Im Inneren des Pavillons hat Khan einen lichtdurchfluteten Raum gestaltet, in dem Wassertropfen zu einer komplexen, ständig bewegten Choreographie finden. Besucher können mittels haptischer Sensoren mit der Installation interagieren. Jede Minute werden 25'000 Wassertropfen verströmt, laufen über die hydrophobe Oberfläche der Installation, vereinen und teilen sich wieder. Die einzelnen Tropfen laufen in einem See zusammen, der sich innert Minuten füllt und wieder leert.

iart war für die technische Entwicklung und Umsetzung der Installation verantwortlich, wobei insbesondere die Auseinandersetzung mit dem Element Wasser eine spannende Herausforderung darstellte: Wie werden die Wassertropfen erzeugt? Wir gross sollen sie sein? Wie schnell? Wie können wir eine hydrophobe Oberfläche realisieren?
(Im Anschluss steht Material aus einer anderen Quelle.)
(* Let $n,k\ge 1$, $\lambda_2\ge 0$, let $A_1,A_2\in\mathbb{R}^{k\times k}$ be symmetric, $B_1,B_2\in\mathbb{R}^{n\times k}$, and let $W_P,W_Q\in\mathbb{R}^{n\times n}$ be symmetric with nonnegative entries, $D_P,D_Q$ the diagonal matrices with $(D_P)_{ii}=\sum_j (W_P)_{ij}$, $(D_Q)_{ii}=\sum_j (W_Q)_{ij}$, and $L_P=D_P-W_P$, $L_Q=D_Q-W_Q$. For $V=[v_{ij}]\in\mathbb{R}^{n\times k}$ define $$F(V)=\mathrm{Tr}\big(-2V^TB_1^+ + 2V^TB_1^- + VA_1^+V^T - VA_1^-V^T - 2V^TB_2^+ + 2V^TB_2^- + VA_2^+V^T - VA_2^-V^T + \lambda_2 V^TD_PV - \lambda_2 V^TW_PV + \lambda_2 V^TD_QV - \lambda_2 V^TW_QV\big),$$ and consider the problem $\min_V F(V)$ subject to $v_{ij}\ge 0$. Define the update $V\mapsto \mathcal{T}(V)$ by $$\mathcal{T}(V)_{ij}= v_{ij}\sqrt{\frac{\big(B_1^{+}+B_2^{+}+V(A_1^{-}+A_2^{-})+\lambda_2(W_P+W_Q)V\big)_{ij}}{\big(B_1^{-}+B_2^{-}+V(A_1^{+}+A_2^{+})+\lambda_2(D_P+D_Q)V\big)_{ij}}}.$$ Let $V^{(0)}$ have strictly positive entries and $V^{(t+1)}=\mathcal{T}(V^{(t)})$, and assume that at every iterate all numerator and denominator entries above are strictly positive. Then $F(V^{(t+1)})\le F(V^{(t)})$ for all $t\ge 0$, i.e. $F$ is monotonically non-increasing along the iteration. Moreover, if $V^{(t)}\to V^*$ and the denominator entries at $V^*$ are strictly positive, then $V^*$ satisfies the KKT complementary slackness condition $$\big(-2B_1-2B_2+2V^*(A_1+A_2)+2\lambda_2(L_P+L_Q)V^*\big)_{ij}\, v^*_{ij}=0\quad\text{for all } i,j.$$
   Context: For a real matrix $M$, $M^+$ and $M^-$ denote the entrywise parts $M^+_{ij}=(|M_{ij}|+M_{ij})/2$ and $M^-_{ij}=(|M_{ij}|-M_{ij})/2$, so $M=M^+-M^-$ with $M^+,M^-\ge 0$ entrywise. In the paper's application, $A_1=\mathrm{vec}(\mathbf U^{(P)})^T\mathrm{vec}(\mathbf U^{(P)})$, $A_2=\mathrm{vec}(\mathbf U^{(Q)})^T\mathrm{vec}(\mathbf U^{(Q)})$, $B_1=\mathrm{vec}(\mathbf X^{(P)})^T\mathrm{vec}(\mathbf U^{(P)})$, $B_2=\mathrm{vec}(\mathbf X^{(Q)})^T\mathrm{vec}(\mathbf U^{(Q)})$, where for a collection of matrices $\mathbf M=\{M_1,\dots,M_m\}$, $\mathrm{vec}(\mathbf M)$ is the matrix whose $i$-th column is the vectorization of $M_i$; $F(V)$ then equals, up to an additive constant independent of $V$, the TS-NMF objective as a function of $V$. *)

theory Defs
  imports "HOL-Analysis.Analysis"
begin

definition mpos :: "real^'c^'r \<Rightarrow> real^'c^'r" where
  "mpos M = (\<chi> i j. (\<bar>M $ i $ j\<bar> + M $ i $ j) / 2)"

definition mneg :: "real^'c^'r \<Rightarrow> real^'c^'r" where
  "mneg M = (\<chi> i j. (\<bar>M $ i $ j\<bar> - M $ i $ j) / 2)"

definition degmat :: "real^'n^'n \<Rightarrow> real^'n^'n" where
  "degmat W = (\<chi> i j. if i = j then (\<Sum>l\<in>UNIV. W $ i $ l) else 0)"

text \<open>The objective F(V); the trace of the sum (of square matrices of
  sizes k and n) is written as the sum of traces.\<close>
definition tsF ::
  "real^'k^'k \<Rightarrow> real^'k^'k \<Rightarrow> real^'k^'n \<Rightarrow> real^'k^'n \<Rightarrow>
   real^'n^'n \<Rightarrow> real^'n^'n \<Rightarrow> real \<Rightarrow> real^'k^'n \<Rightarrow> real" where
  "tsF A1 A2 B1 B2 WP WQ lam V =
     trace ((-2) *\<^sub>R (transpose V ** mpos B1)) + trace (2 *\<^sub>R (transpose V ** mneg B1))
   + trace (V ** mpos A1 ** transpose V) - trace (V ** mneg A1 ** transpose V)
   + trace ((-2) *\<^sub>R (transpose V ** mpos B2)) + trace (2 *\<^sub>R (transpose V ** mneg B2))
   + trace (V ** mpos A2 ** transpose V) - trace (V ** mneg A2 ** transpose V)
   + trace (lam *\<^sub>R (transpose V ** degmat WP ** V)) - trace (lam *\<^sub>R (transpose V ** WP ** V))
   + trace (lam *\<^sub>R (transpose V ** degmat WQ ** V)) - trace (lam *\<^sub>R (transpose V ** WQ ** V))"

definition tsNum ::
  "real^'k^'k \<Rightarrow> real^'k^'k \<Rightarrow> real^'k^'n \<Rightarrow> real^'k^'n \<Rightarrow>
   real^'n^'n \<Rightarrow> real^'n^'n \<Rightarrow> real \<Rightarrow> real^'k^'n \<Rightarrow> real^'k^'n" where
  "tsNum A1 A2 B1 B2 WP WQ lam V =
     mpos B1 + mpos B2 + V ** (mneg A1 + mneg A2) + lam *\<^sub>R ((WP + WQ) ** V)"

definition tsDen ::
  "real^'k^'k \<Rightarrow> real^'k^'k \<Rightarrow> real^'k^'n \<Rightarrow> real^'k^'n \<Rightarrow>
   real^'n^'n \<Rightarrow> real^'n^'n \<Rightarrow> real \<Rightarrow> real^'k^'n \<Rightarrow> real^'k^'n" where
  "tsDen A1 A2 B1 B2 WP WQ lam V =
     mneg B1 + mneg B2 + V ** (mpos A1 + mpos A2) + lam *\<^sub>R ((degmat WP + degmat WQ) ** V)"

definition tsUpd ::
  "real^'k^'k \<Rightarrow> real^'k^'k \<Rightarrow> real^'k^'n \<Rightarrow> real^'k^'n \<Rightarrow>
   real^'n^'n \<Rightarrow> real^'n^'n \<Rightarrow> real \<Rightarrow> real^'k^'n \<Rightarrow> real^'k^'n" where
  "tsUpd A1 A2 B1 B2 WP WQ lam V =
     (\<chi> i j. V $ i $ j * sqrt (tsNum A1 A2 B1 B2 WP WQ lam V $ i $ j
                                / tsDen A1 A2 B1 B2 WP WQ lam V $ i $ j))"

end

theory Submission
  imports Defs
begin

(* Each update is a majorize-minimize step. Write the next iterate as the entrywise product
   X o U of the current iterate X with a positive matrix U. The positive parts of F are bounded
   above by a separable function of U, using u_p u_q <= (u_p^2 + u_q^2)/2 and the symmetry of the
   coefficient matrices; the negative parts are bounded below using ln t <= t - 1. This separable
   majorizer agrees with F(X) at U = 1, and at the update U = sqrt (num/den) its entrywise excess
   over F(X) is x (n - d - n ln (n/d)) <= 0, where n, d are the numerator and denominator entries.
   A limit of the iteration is a fixed point of the continuous update map, so wherever v_ij <> 0
   the numerator equals the denominator; their difference is half the KKT gradient. *)

lemma quadratic_form_scaled_le:
  fixes M :: "'a::finite \<Rightarrow> 'a \<Rightarrow> real" and x u :: "'a \<Rightarrow> real"
  assumes sym: "\<And>p q. M p q = M q p" and nonneg: "\<And>p q. M p q \<ge> 0" and x_pos: "\<And>p. x p > 0"
  shows "(\<Sum>p\<in>UNIV. \<Sum>q\<in>UNIV. (x p * u p) * M p q * (x q * u q))
    \<le> (\<Sum>p\<in>UNIV. (\<Sum>q\<in>UNIV. M p q * x q) * x p * (u p)\<^sup>2)"
proof -
  have "(\<Sum>p\<in>UNIV. \<Sum>q\<in>UNIV. (x p * u p) * M p q * (x q * u q))
      \<le> (\<Sum>p\<in>UNIV. \<Sum>q\<in>UNIV. M p q * x p * x q * ((u p)\<^sup>2 + (u q)\<^sup>2) / 2)"
  proof (intro sum_mono)
    fix p q
    have "u p * u q \<le> ((u p)\<^sup>2 + (u q)\<^sup>2) / 2"
      using sum_squares_bound[of "u p" "u q"] by (simp add: power2_eq_square)
    moreover have "M p q * x p * x q \<ge> 0" using nonneg x_pos by (simp add: less_imp_le)
    ultimately show "(x p * u p) * M p q * (x q * u q)
        \<le> M p q * x p * x q * ((u p)\<^sup>2 + (u q)\<^sup>2) / 2"
      using mult_left_mono by (fastforce simp: algebra_simps)
  qed
  also have "\<dots> = (\<Sum>p\<in>UNIV. \<Sum>q\<in>UNIV. M p q * x p * x q * (u p)\<^sup>2)"
  proof -
    have "(\<Sum>p\<in>UNIV. \<Sum>q\<in>UNIV. M p q * x p * x q * (u q)\<^sup>2)
        = (\<Sum>p\<in>UNIV. \<Sum>q\<in>UNIV. M p q * x p * x q * (u p)\<^sup>2)"
      by (subst sum.swap) (simp add: sym mult.commute mult.left_commute)
    then show ?thesis
      by (simp add: add_divide_distrib sum.distrib distrib_left sum_divide_distrib[symmetric])
  qed
  also have "\<dots> = (\<Sum>p\<in>UNIV. (\<Sum>q\<in>UNIV. M p q * x q) * x p * (u p)\<^sup>2)"
    by (simp add: sum_distrib_left sum_distrib_right mult_ac)
  finally show ?thesis .
qed

lemma quadratic_form_scaled_ge_ln:
  fixes M :: "'a::finite \<Rightarrow> 'a \<Rightarrow> real" and x u :: "'a \<Rightarrow> real"
  assumes sym: "\<And>p q. M p q = M q p" and nonneg: "\<And>p q. M p q \<ge> 0"
    and x_pos: "\<And>p. x p > 0" and u_pos: "\<And>p. u p > 0"
  shows "(\<Sum>p\<in>UNIV. (\<Sum>q\<in>UNIV. M p q * x q) * x p * (1 + 2 * ln (u p)))
    \<le> (\<Sum>p\<in>UNIV. \<Sum>q\<in>UNIV. (x p * u p) * M p q * (x q * u q))"
proof -
  have "(\<Sum>p\<in>UNIV. (\<Sum>q\<in>UNIV. M p q * x q) * x p * (1 + 2 * ln (u p)))
      = (\<Sum>p\<in>UNIV. \<Sum>q\<in>UNIV. M p q * x p * x q * (1/2 + ln (u p)))
      + (\<Sum>p\<in>UNIV. \<Sum>q\<in>UNIV. M p q * x p * x q * (1/2 + ln (u p)))"
    by (simp add: sum_distrib_left sum_distrib_right algebra_simps)
  also have "\<dots> = (\<Sum>p\<in>UNIV. \<Sum>q\<in>UNIV. M p q * x p * x q * (1/2 + ln (u p)))
      + (\<Sum>p\<in>UNIV. \<Sum>q\<in>UNIV. M p q * x p * x q * (1/2 + ln (u q)))"
    by (subst (2) sum.swap) (simp add: sym mult.commute mult.left_commute)
  also have "\<dots> = (\<Sum>p\<in>UNIV. \<Sum>q\<in>UNIV. M p q * x p * x q * (1 + ln (u p * u q)))"
    unfolding sum.distrib[symmetric] using u_pos
    by (intro sum.cong refl) (simp add: ln_mult algebra_simps less_imp_neq[symmetric])
  also have "\<dots> \<le> (\<Sum>p\<in>UNIV. \<Sum>q\<in>UNIV. (x p * u p) * M p q * (x q * u q))"
  proof (intro sum_mono)
    fix p q
    have "1 + ln (u p * u q) \<le> u p * u q"
      using ln_le_minus_one[of "u p * u q"] u_pos[of p] u_pos[of q] by simp
    moreover have "M p q * x p * x q \<ge> 0" using nonneg x_pos by (simp add: less_imp_le)
    ultimately show "M p q * x p * x q * (1 + ln (u p * u q))
        \<le> (x p * u p) * M p q * (x q * u q)"
      using mult_left_mono by (fastforce simp: algebra_simps)
  qed
  finally show ?thesis .
qed

definition hadamard :: "real^'c^'r \<Rightarrow> real^'c^'r \<Rightarrow> real^'c^'r" where
  "hadamard X U = (\<chi> i j. X $ i $ j * U $ i $ j)"

definition frob_inner :: "real^'c^'r \<Rightarrow> real^'c^'r \<Rightarrow> real" where
  "frob_inner B V = (\<Sum>i\<in>UNIV. \<Sum>j\<in>UNIV. B $ i $ j * V $ i $ j)"

definition row_quad :: "real^'c^'c \<Rightarrow> real^'c^'r \<Rightarrow> real" where
  "row_quad A V = (\<Sum>i\<in>UNIV. \<Sum>j\<in>UNIV. \<Sum>l\<in>UNIV. V $ i $ j * A $ j $ l * V $ i $ l)"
Basierend auf den Erkenntnissen aus zahlreichen Tests und Prototypen wurde ein Exponat aus Corian gebaut. Zudem hat iart die interaktiven Elemente umgesetzt: Besucher können Wasser in die Installation giessen oder durch Bewegen der Hand über Sensoren die Abgabe von Wassertropfen beeinflussen. Die Wasseraufbereitung und -bereitstellung realisierte iart in Zusammenarbeit mit dem Institut für Thermo- und Fluid-Engineering der FHNW.

Der Pavillon an den Olympischen Winterspielen in Südkorea steht im Kontext von Hyundais zukunftsweisender Initiative zu sauberer Mobilität mit Wasserstoff. Die Eröffnung der Spiele fand am Freitag, 9. Februar 2018 statt.